To say that things at PRA International have been in flux of late would be an understatement.
Last September, the publicly traded contract research organization (CRO) moved its headquarters from Reston, Virginia, to Raleigh, North Carolina. Two months later, the three-decade-old company was bought by private equity firm Genstar Capital for $797 million. Its last day as a NASDAQ company was Dec. 13.
A Good Thing
Despite the apparent turbulence, David Dockhorn, the company’s executive vice president of product registration in the Americas, says PRA is in essence returning to its roots. PRA was only public for three years. Before that, it was a private company owned by, well, Genstar.

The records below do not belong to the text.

(* Let $f$ be an orientation-preserving homeomorphism of the circle $\mathbb T=\mathbb R/\mathbb Z$. Then ${\rm h_{pol}}(f)\in\{0,1\}$, and ${\rm h_{pol}}(f)=0$ if and only if $f$ is topologically conjugate to a rotation of $\mathbb T$.
   Context: For a continuous map $f:X\to X$ of a compact metric space $(X,d)$ define the dynamical metrics $d_n^f(x,y)=\max_{0\le k\le n-1}d(f^k(x),f^k(y))$. For $Y\subset X$ and $\varepsilon>0$ let $G_n^f(Y,\varepsilon)$ be the minimal number of $d_n^f$-balls of radius $\varepsilon$ needed to cover $Y$. The polynomial entropy of $f$ on $Y$ is ${\rm h_{pol}}(f,Y)=\lim_{\varepsilon\to0}\limsup_{n\to\infty}\frac{\log G_n^f(Y,\varepsilon)}{\log n}$, and ${\rm h_{pol}}(f)={\rm h_{pol}}(f,X)$. The circle carries its standard metric. A rotation of $\mathbb T$ is a map $\bar x\mapsto \bar x+\bar a$. *)

theory Defs
  imports "HOL-Analysis.Analysis"
begin

text \<open>Points of R/Z are represented by their unique representative in [0,1).\<close>

typedef circle = "{x::real. 0 \<le> x \<and> x < 1}"
  by (rule exI[of _ 0]) simp

definition circ_proj :: "real \<Rightarrow> circle" where
  "circ_proj x = Abs_circle (frac x)"

lemma circle_rep_dist_aux:
  fixes u v w :: real
  assumes "0 \<le> u" "u < 1" "0 \<le> v" "v < 1" "0 \<le> w" "w < 1"
  shows "min \<bar>u - w\<bar> (1 - \<bar>u - w\<bar>) \<le> min \<bar>u - v\<bar> (1 - \<bar>u - v\<bar>) + min \<bar>w - v\<bar> (1 - \<bar>w - v\<bar>)"
  using assms by (simp add: min_def abs_if split: if_splits) linarith?

instantiation circle :: metric_space
begin

text \<open>Standard metric of R/Z: distance to the nearest integer of the difference.\<close>
definition dist_circle :: "circle \<Rightarrow> circle \<Rightarrow> real" where
  "dist_circle a b = min \<bar>Rep_circle a - Rep_circle b\<bar> (1 - \<bar>Rep_circle a - Rep_circle b\<bar>)"

definition uniformity_circle :: "(circle \<times> circle) filter" where
  "uniformity_circle = (INF e\<in>{0<..}. principal {(x, y). dist x y < e})"

definition open_circle :: "circle set \<Rightarrow> bool" where
  "open_circle U = (\<forall>x\<in>U. \<forall>\<^sub>F (x', y) in uniformity. x' = x \<longrightarrow> y \<in> U)"

instance
proof
  fix x y z :: circle
  have rx: "0 \<le> Rep_circle x" "Rep_circle x < 1" using Rep_circle[of x] by auto
  have ry: "0 \<le> Rep_circle y" "Rep_circle y < 1" using Rep_circle[of y] by auto
  have rz: "0 \<le> Rep_circle z" "Rep_circle z < 1" using Rep_circle[of z] by auto
  show "(dist x y = 0) = (x = y)"
    using rx ry by (auto simp: dist_circle_def min_def Rep_circle_inject[symmetric] split: if_splits)
  show "dist x y \<le> dist x z + dist y z"
    unfolding dist_circle_def using circle_rep_dist_aux[OF rx rz ry] by (simp add: abs_minus_commute)
qed (simp_all add: uniformity_circle_def open_circle_def)

end

definition dyn_dist :: "('a::metric_space \<Rightarrow> 'a) \<Rightarrow> nat \<Rightarrow> 'a \<Rightarrow> 'a \<Rightarrow> real" where
  "dyn_dist f n x y = (MAX k\<in>{..<n}. dist ((f ^^ k) x) ((f ^^ k) y))"

definition cover_num :: "('a::metric_space \<Rightarrow> 'a) \<Rightarrow> 'a set \<Rightarrow> nat \<Rightarrow> real \<Rightarrow> nat" where
  "cover_num f Y n \<epsilon> = (LEAST m. \<exists>C. finite C \<and> card C = m \<and>
       Y \<subseteq> (\<Union>c\<in>C. {y. dyn_dist f n c y < \<epsilon>}))"

definition hpol_on :: "('a::metric_space \<Rightarrow> 'a) \<Rightarrow> 'a set \<Rightarrow> ereal" where
  "hpol_on f Y = Lim (at_right (0::real))
     (\<lambda>\<epsilon>. limsup (\<lambda>n. ereal (ln (real (cover_num f Y n \<epsilon>)) / ln (real n))))"

definition hpol :: "('a::metric_space \<Rightarrow> 'a) \<Rightarrow> ereal" where
  "hpol f = hpol_on f UNIV"

definition orientation_preserving_homeo :: "(circle \<Rightarrow> circle) \<Rightarrow> bool" where
  "orientation_preserving_homeo f \<longleftrightarrow>
     (\<exists>g. homeomorphism UNIV UNIV f g) \<and>
     (\<exists>F::real \<Rightarrow> real. continuous_on UNIV F \<and> strict_mono F \<and> (\<forall>x. F (x + 1) = F x + 1) \<and>
        (\<forall>x. f (circ_proj x) = circ_proj (F x)))"

definition is_rotation :: "(circle \<Rightarrow> circle) \<Rightarrow> bool" where
  "is_rotation g \<longleftrightarrow> (\<exists>a::real. \<forall>x. g (circ_proj x) = circ_proj (x + a))"

definition top_conjugate :: "('a::topological_space \<Rightarrow> 'a) \<Rightarrow> ('b::topological_space \<Rightarrow> 'b) \<Rightarrow> bool" where
  "top_conjugate f g \<longleftrightarrow> (\<exists>h h'. homeomorphism UNIV UNIV h h' \<and> h \<circ> f = g \<circ> h)"

end

theory Submission
  imports Defs "HOL-Analysis.Kronecker_Approximation_Theorem" "HOL-Real_Asymp.Real_Asymp"
begin

(* An orientation-preserving circle homeomorphism f is induced by an increasing homeomorphism F
   of the line with F (x + 1) = F x + 1, which has a rotation number rho.  Either F is conjugate
   to the translation by rho, and then f is conjugate to a rotation: the rotation is an isometry,
   so boundedly many dynamical balls cover the circle for every time n, and hpol f = 0.  Or some
   iterate F^q has a wandering interval: for rho = p/q a point moved by F^q - p spans one, and for
   irrational rho an interval collapsed by the semiconjugacy H x = limsup (F^k x - k rho) does.
   The preimages of the grid Z/N under F^k, k < n, cut the circle into at most N n + 1 arcs of
   small dynamical diameter, while the backward q-orbit of the centre of a wandering interval
   yields about n/q dynamically separated points.  So the covering numbers grow linearly in n
   and hpol f = 1. *)

lemma Rep_circle_circ_proj: "Rep_circle (circ_proj x) = frac x"
  unfolding circ_proj_def by (rule Abs_circle_inverse) (simp add: frac_lt_1)

lemma circ_proj_Rep_circle: "circ_proj (Rep_circle c) = c"
  using Rep_circle[of c] by (simp add: circ_proj_def frac_eq Rep_circle_inverse)

lemma circ_proj_cases:
  obtains x where "c = circ_proj x"
  using circ_proj_Rep_circle by metis

lemma circ_proj_add_of_int [simp]: "circ_proj (x + of_int m) = circ_proj x"
  unfolding circ_proj_def by simp

lemma circ_proj_eq_iff: "circ_proj x = circ_proj y \<longleftrightarrow> (\<exists>m::int. x = y + of_int m)"
proof
  assume "circ_proj x = circ_proj y"
  then have "frac x = frac y"
    by (metis Rep_circle_circ_proj)
  then have "x = y + of_int (\<lfloor>x\<rfloor> - \<lfloor>y\<rfloor>)"
    by (simp add: frac_def)
  then show "\<exists>m::int. x = y + of_int m" ..
qed auto

lemma dist_circ_proj_le: "dist (circ_proj x) (circ_proj y) \<le> \<bar>x - y - of_int m\<bar>"
proof -
  define d where "d = frac x - frac y"
  define j where "j = m - (\<lfloor>x\<rfloor> - \<lfloor>y\<rfloor>)"
  have "\<bar>d\<bar> < 1"
    using frac_lt_1[of x] frac_lt_1[of y] frac_ge_0[of x] frac_ge_0[of y] unfolding d_def by linarith
  moreover have "x - y - of_int m = d - of_int j"
    unfolding d_def j_def frac_def by simp
  moreover have "\<bar>real_of_int j\<bar> \<ge> 1" if "j \<noteq> 0"
    using that by linarith
  ultimately show ?thesis
    by (cases "j = 0") (auto simp: dist_circle_def Rep_circle_circ_proj d_def[symmetric])
qed

lemma dist_circ_proj_le_abs: "dist (circ_proj x) (circ_proj y) \<le> \<bar>x - y\<bar>"
  using dist_circ_proj_le[of x y 0] by simp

And the buy-back is a good thing, says Dockhorn. “It will allow us to focus on some more longer term growth strategies,” he explains. “We’re going to be able to focus on some more process re-engineering, making sure we’re dong things more and more efficiently—not so much focused on the quarter-to-quarter public perception that we’ve got out there. This allows us to build and grow and organize in a methodical fashion.”
No Ivory Tower
Why relocate, though? Dockhorn says that just made sense, too. The company had no other operations in Northern Virginia other than its headquarters. In Raleigh, though, PRA has a full-service operations facility.

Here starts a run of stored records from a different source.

(* For non-zero integers $a,b$ let $f_{a,b}:(0,\infty)\to(0,\infty)$, $f_{a,b}(z)=z^{a/b}$ (real positive branch). Let $I\subseteq(0,\infty)$ have non-empty interior. Then there exist uncountably many $\zeta\in\mathscr{L}\cap(0,\infty)$ such that $f_{a,b}(\zeta)\in\mathscr{L}$ simultaneously for all non-zero integers $a,b$. Moreover, for any fixed non-zero integers $a,b$, there are uncountably many $\zeta\in\mathscr{L}\cap I$ with $f_{a,b}(\zeta)\in\mathscr{L}$.
   Context: $\mathscr{L}$ is the set of Liouville numbers (real irrational $\zeta$ such that for every $\eta>0$ there are infinitely many rationals $y/x$, $x\geq1$, with $|\zeta-y/x|\leq x^{-\eta}$). *)

theory Defs
  imports "HOL-Analysis.Analysis"
begin

definition liouville_set :: "real set" where
  "liouville_set = {\<zeta>. \<zeta> \<notin> \<rat> \<and>
     (\<forall>\<eta>::real. \<eta> > 0 \<longrightarrow>
        infinite {(y::int, x::int). x \<ge> 1 \<and>
                    \<bar>\<zeta> - of_int y / of_int x\<bar> \<le> (of_int x) powr (- \<eta>)})}"

end

theory Submission imports Defs begin

(* A real that has, for every n, a rational p/q with q \<ge> 2 and 0 < |x - p/q| < q^-n is a
   Liouville number. For each n these reals form a dense open set, and so do their preimages under
   the homeomorphisms z \<mapsto> z powr r of (0,\<infinity>), r a nonzero rational. The countably many
   conditions together cut out a dense G\<delta>, which by Baire's theorem meets every nonempty open
   set in uncountably many points. *)

lemma uncountable_Int_Inter_dense_open:
  fixes U :: "'a::{real_normed_vector,heine_borel,perfect_space} set"
  assumes "open U" "U \<noteq> {}" "countable \<G>"
    and dense_open: "\<And>T. T \<in> \<G> \<Longrightarrow> open T \<and> U \<subseteq> closure T"
  shows "uncountable (U \<inter> \<Inter>\<G>)"
proof
  assume countable_X: "countable (U \<inter> \<Inter>\<G>)"
  obtain c e where "e > 0" and ball_U: "ball c e \<subseteq> U"
    using assms(1,2) open_contains_ball by blast
  define K where "K = cball c (e/2)"
  have "K \<subseteq> ball c e" using \<open>e > 0\<close> unfolding K_def by (auto simp: subset_eq)
  with ball_U have K_U: "K \<subseteq> U" by blast
  text \<open>Baire's theorem on the whole space, applied to the members of \<open>\<G>\<close> padded outside \<open>K\<close>
    and to the complements of the (countably many) points of \<open>U \<inter> \<Inter>\<G>\<close>.\<close>
  define \<H> where "\<H> = (\<lambda>T. T \<union> - K) ` \<G> \<union> (\<lambda>x. - {x}) ` (U \<inter> \<Inter>\<G>)"
  have "UNIV \<subseteq> closure (\<Inter>\<H>)"
  proof (rule Baire)
    show "countable \<H>" using \<open>countable \<G>\<close> countable_X by (simp add: \<H>_def)
    fix T assume "T \<in> \<H>"
    then consider S where "S \<in> \<G>" "T = S \<union> - K" | x where "T = - {x}"
      unfolding \<H>_def by blast
    then show "openin (top_of_set UNIV) T \<and> UNIV \<subseteq> closure T"
    proof cases
      case 1
      have "open T" unfolding 1(2) K_def using dense_open[OF 1(1)] by (simp add: open_Un open_Compl)
      moreover have "UNIV \<subseteq> closure T"
      proof -
        have "closure S \<subseteq> closure T" unfolding 1(2) by (rule closure_mono) blast
        then have "K \<subseteq> closure T" using K_U dense_open[OF 1(1)] by (meson subset_trans)
        moreover have "- K \<subseteq> closure T" using closure_subset[of T] unfolding 1(2) by blast
        ultimately show ?thesis by blast
      qed
      ultimately show ?thesis by simp
    next
      case 2
      have "open T" unfolding 2 by (rule open_Compl) simp
      moreover have "closure T = UNIV" unfolding 2 closure_complement by simp
      ultimately show ?thesis by simp
    qed
  qed simp
  then have "c \<in> closure (\<Inter>\<H>)" by blast
  then obtain y where y: "y \<in> \<Inter>\<H>" "dist y c < e/2"
    using \<open>e > 0\<close> by (metis closure_approachable half_gt_zero)
  have "y \<in> K" using y(2) by (simp add: K_def dist_commute)
  have "y \<in> T" if "T \<in> \<G>" for T
  proof -
    have "T \<union> - K \<in> \<H>" using that unfolding \<H>_def by blast
    then show ?thesis using y(1) \<open>y \<in> K\<close> by blast
  qed
  with \<open>y \<in> K\<close> K_U have "- {y} \<in> \<H>" unfolding \<H>_def by blast
  with y(1) show False by blast
qed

“It allows executive management to have their finger on the pulse of operations, and not have so much of an ivory-tower view of operations,” says Dockhorn.
Revenue Up, Income Down
Despite all the changes, PRA had decent financial results in 2007. Dockhorn says it had significant year-over-year growth. The company’s last public earnings statement indicated that service revenue increased 23.1 percent to $271.9 million for the first nine months of 2007 (ending Sept. 30).
Profits were down, though: income from operations in the first nine months of 2007 was $14.3 million compared to $26.6 million the previous year. The good news, though? New business increased 25 percent to $479.1 million.
Turnover Reduced
In addition, the company was able to reduce employee turnover—a persistent industry bugaboo—by about 10 percent, says Dockhorn. To do that, it has had to rework its culture a bit.
“We got rid of a lot of processes and procedures and that allowed us to free people up to enjoy their jobs,” he says. “We eliminated a lot of standard operating procedures (SOP) that required our staff to handle a lot of minutia that didn’t make sense. They’re happier now.”
Ancient History
PRA, which had traded as PRAI, began as a tiny operation in the home of a University of Virginia researcher in the late 1970s. The small, data management-focused CRO was initially named the Anti-Inflammatory Drug Study Group (AIDS Group), as it was expected to just pick up work from rheumatology-oriented studies. When more varied work started flooding in, and when the acronym AIDS took on a different meaning, the two co-founders changed the name to Pharmaceutical Research Associates.
The company went full service in 1991, the same year it opened its first office in Europe. Five years later, it began getting aggressive with acquisitions.
Aggressive Gobbling
Between 1996 and 2002, it gobbled up the Kansas-based CRO International Medical and Technical Consultants (where Dockhorn previously worked); Valorum, a CRO in the UK; Arcam, a Paris-based CRO; Staticon International, a CRO in Madrid; and CroMedica, a central nervous system (CNS)-focused CRO in Canada.
On the heels of all that acquiring, PRA went public in 2004 and continued acquiring (Pharma Bio-Research, a lab in the Netherlands; and Pharmacon, a Berlin-based CRO).
Even Split
Currently, PRA has 3,200 employees working on about 500 trials at any given time. Clients range from big pharma to biotechs, split about evenly, says Dockhorn.
U.S. offices are in Raleigh, N.C.; Charlottesville, Va.; Horsham, Pa., Austin, Texas; Lenexa, Kansas; and San Diego. Internationally, PRA has offices in Victoria, BC, Canada; Buenos Aires, Argentina; Sao Paulo, Brazil; Mechelen, Belgium; Mannheim, Germany; Paris, France; Budapest, Hungary; Madrid, Spain; Warsaw, Poland, Moscow, Russia; and three locations in the Netherlands.
Early Development Focus
Growth, says Dockhorn, is fastest these days in early development work as well as Phase III. PRA has more recently focused its sales on getting more early development work, he says.
Therapeutic areas where the company has been strong are oncology, allergy/respiratory and CNS. Going forward, says Dockhorn, PRA will be placing more emphasis on infectious diseases, as it’s a promising area.